Birbiri ardına yeni yapımlar hakkında bilgi edinirken, bir yandan da röportaj bitiminden tam bir buçuk saat sonra Prag’a doğru yol alacak uçağımı yakalayıp yakalayamayacağım konusunda endişelerim var. Max, keyif kahvesini bitirmek için yarım saat geç gelse uçağım kaçacak diye anksiyetem tetikleniyor bir ara. Ama didaktik Almanlar, bir dakikalık bir sarkmanın riskini bile almadıkları için söylendiği gibi tam 16.20’de genç oyuncu içeri giriyor. Yanıma gelip merhaba diyene kadar uzaktan bize doğru yürüyüşüne bakıyorum hayran hayran. Bana doğru gelen Sense8’in Wolfgang’i mi yoksa oynadığı bir diğer yapım Alman Brokeback Mountain’i olarak özetleyebileceğim Free Fall’daki Kay mi onu çözmeye çalışıyorum ilk önce. Sanki ilk kez bir dizi oyuncusuyla röportaj yapıyormuşum ya da daha önce hiç oyuncu arkadaşım olmamış gibi heyecanla anlamaya çalışıyorum olan biteni…

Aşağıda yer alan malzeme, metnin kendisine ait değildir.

text \<open>Call x a power of y if x lies in the cyclic subgroup generated by y. In a finite group,
  x and y are adjacent in the difference graph iff neither is a power of the other but some
  nontrivial element is a power of both.

  Let a and b be central of prime orders p \<noteq> q. For elements of p-power exponent,
  multiplication by b preserves and reflects being a power, and b is a power of every such
  product. This yields triangles from two elements of order p generating different subgroups,
  from two incomparable p-elements (with third vertex a b), and from an element g of a third
  prime order (the vertices a g, b g, a b). So if the difference graph is bipartite, then
  |G| = p^i q^j, all p-elements are powers of one element u and all q-elements powers of one v.
  Conjugation preserves both sets, so the commutator of u and v lies in both cyclic subgroups and
  is trivial, and G is cyclic, generated by u v. If both exponents were at least 2, the elements
  of orders p^2, p q^2, p^2 q, q^2, p q would form a 5-cycle.

  Conversely, in the cyclic group of order p^\<alpha> q two residues that are both divisible or
  both indivisible by q generate comparable subgroups, so divisibility by q is a 2-colouring.\<close>

section \<open>Arithmetic of two primes\<close>

lemma mod_inverse_nat:
  fixes k N :: nat
  assumes "coprime k N"
  obtains s where "k * s mod N = 1 mod N"
proof (cases "k = 0")
  case True
  with assms have "N = 1" by simp
  with that show ?thesis by simp
next
  case False
  obtain x y where "k * x = N * y + gcd k N" using bezout_nat[OF False] by blast
  with assms have "k * x = 1 + y * N" by (simp add: mult.commute)
  then have "k * x mod N = 1 mod N" by (metis mod_mult_self1)
  with that show ?thesis .
qed
(* Consider the equations $$M=m\,\frac{\int_{\mathcal B((\tilde x,y),R)}\lambda e^{-\lambda r}\,dx\,dr}{\int_{D\setminus\mathcal B((\tilde x,y),R)}\lambda e^{-\lambda r}\,dx\,dr}\qquad(\ast)$$ and $$\frac{dmg}{2\lambda}+mg\,\frac{\int_{D\setminus\mathcal B((\tilde x,y),R)}r\lambda e^{-\lambda r}\,dx\,dr}{\int_{D\setminus\mathcal B((\tilde x,y),R)}\lambda e^{-\lambda r}\,dx\,dr}+Mgy=E\qquad(\ast\ast)$$ in the unknowns $y\ge R$ and $\lambda>0$. (i) There exists a unique $\lambda_*>0$ such that $(\ast\ast)$ holds with $y=R$. (ii) Suppose that $$M<m\,\frac{\int_{\mathcal B((\tilde x,R),R)}\lambda_* e^{-\lambda_* r}\,dx\,dr}{\int_{D\setminus\mathcal B((\tilde x,R),R)}\lambda_* e^{-\lambda_* r}\,dx\,dr}.$$ Then $(\ast)$–$(\ast\ast)$ have a unique solution $(y_A,\lambda_A)$, and $R<y_A<E/(Mg)$.
   Context: Fix an integer $d\ge 2$, a bounded domain $D_b\subset\mathbb R^{d-1}$ with smooth boundary, and $R>0$. Assume that $D_b$ satisfies the inner ball condition with radius $R$: for every $x\in\partial D_b$ there is a unique open $(d-1)$-dimensional ball of radius $R$ contained in $D_b$ whose boundary is tangent to $\partial D_b$ at $x$, and $x$ is the only point of intersection of that ball's boundary with $\partial D_b$. Let $D=D_b\times[0,\infty)\subset\mathbb R^d$, and assume a closed ball of radius $R$ fits in the interior of $D$. Points of $\mathbb R^d$ are written $(x,y)$ with $x\in\mathbb R^{d-1}$ and $y\in\mathbb R$. $\mathcal B(z,r)$ denotes the open ball with center $z$ and radius $r$. Let $D_b'=\{x\in D_b:\mathcal B((x,y),R)\subset D\text{ for all }y>R\}$. In integrals of the form $\int_{D\setminus\mathcal B((\tilde x,y),R)}(\cdot)\,dx\,dr$ (and similarly over $\mathcal B((\tilde x,y),R)$): - $\tilde x$ is an arbitrary point of $D_b'$, and the value of the integral does not depend on this choice; - $dx$ is Lebesgue measure on $\mathbb R^{d-1}$ and $dr$ is Lebesgue measure in the vertical coordinate. Fix $m>0$, $M>0$, $g>0$ and $E>MgR$. *)

theory Defs
  imports "HOL-Analysis.Analysis"
begin

fun Ck_on :: "nat \<Rightarrow> 'a::euclidean_space set \<Rightarrow> ('a \<Rightarrow> real) \<Rightarrow> bool" where
  "Ck_on 0 U f = continuous_on U f"
| "Ck_on (Suc k) U f = (f differentiable_on U \<and>
      (\<forall>b\<in>Basis. Ck_on k U (\<lambda>x. frechet_derivative f (at x) b)))"

definition smooth_on :: "'a::euclidean_space set \<Rightarrow> ('a \<Rightarrow> real) \<Rightarrow> bool" where
  "smooth_on U f = (\<forall>k. Ck_on k U f)"

definition smooth_boundary :: "'a::euclidean_space set \<Rightarrow> bool" where
  "smooth_boundary S = (\<forall>p\<in>frontier S. \<exists>\<epsilon>>0. \<exists>\<phi>. smooth_on (ball p \<epsilon>) \<phi> \<and>
      frechet_derivative \<phi> (at p) \<noteq> (\<lambda>v. 0) \<and>
      S \<inter> ball p \<epsilon> = {z\<in>ball p \<epsilon>. \<phi> z < 0})"

definition smooth_bounded_domain :: "'a::euclidean_space set \<Rightarrow> bool" where
  "smooth_bounded_domain S = (open S \<and> connected S \<and> S \<noteq> {} \<and> bounded S \<and> smooth_boundary S)"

Bana doğru gülümseyerek yürüyüşü sırasında odada olan herkesin gibi benim aklımdan da Sense8’teki müthiş seksi havuz sahnesi geçiyor. O sahnedeki gibi çırılçıplak değil belki ama herkesin hayalinde o sahneyle var olduğunu biliyorum, zira röportajdan önce dizi hakkında konuşulan tek sahne o!
Mavi kazağı ve jean’iyle törende arz-ı endam eden Max Riemelt “Hello” diyerek yanımdaki koltuğa yayılıyor. Aslında burada ‘yayılma’ kelimesini boşa kullanmıyorum çünkü Netflix öyle bir ortam yaratmış ki tatlı bir müzik koyup içkilerimizi elimize alsak pekala ev partisi verilebileceğimiz bir odadayız. Ev stili ikili-üçlü koltuklar, üzerinde şekerlemeler ve sağlıklı atıştırmalıklar olan sehpa, loş aydınlatma derken ciddi anlamda bir evin salonundayız sanki.
İlk önce adlarımızı söyleyip tanışma faslına girişiyoruz. Elini sıktığım dört saniye içinde hayatımın fon müziği olarak The Platters’ın ünlü klasiği “Only You” çalıyor sanki uzaktan. Ufak şoku atlatıp konuya girmek için yeni sezonun çekildiği yere gönderme yaparak “Amsterdam nasıldı” diyerek söze başlıyorum. Dostça yaklaşmazsam hiç olmayacak bu iş, çünkü bu sefer hiç de profesyonel değilim!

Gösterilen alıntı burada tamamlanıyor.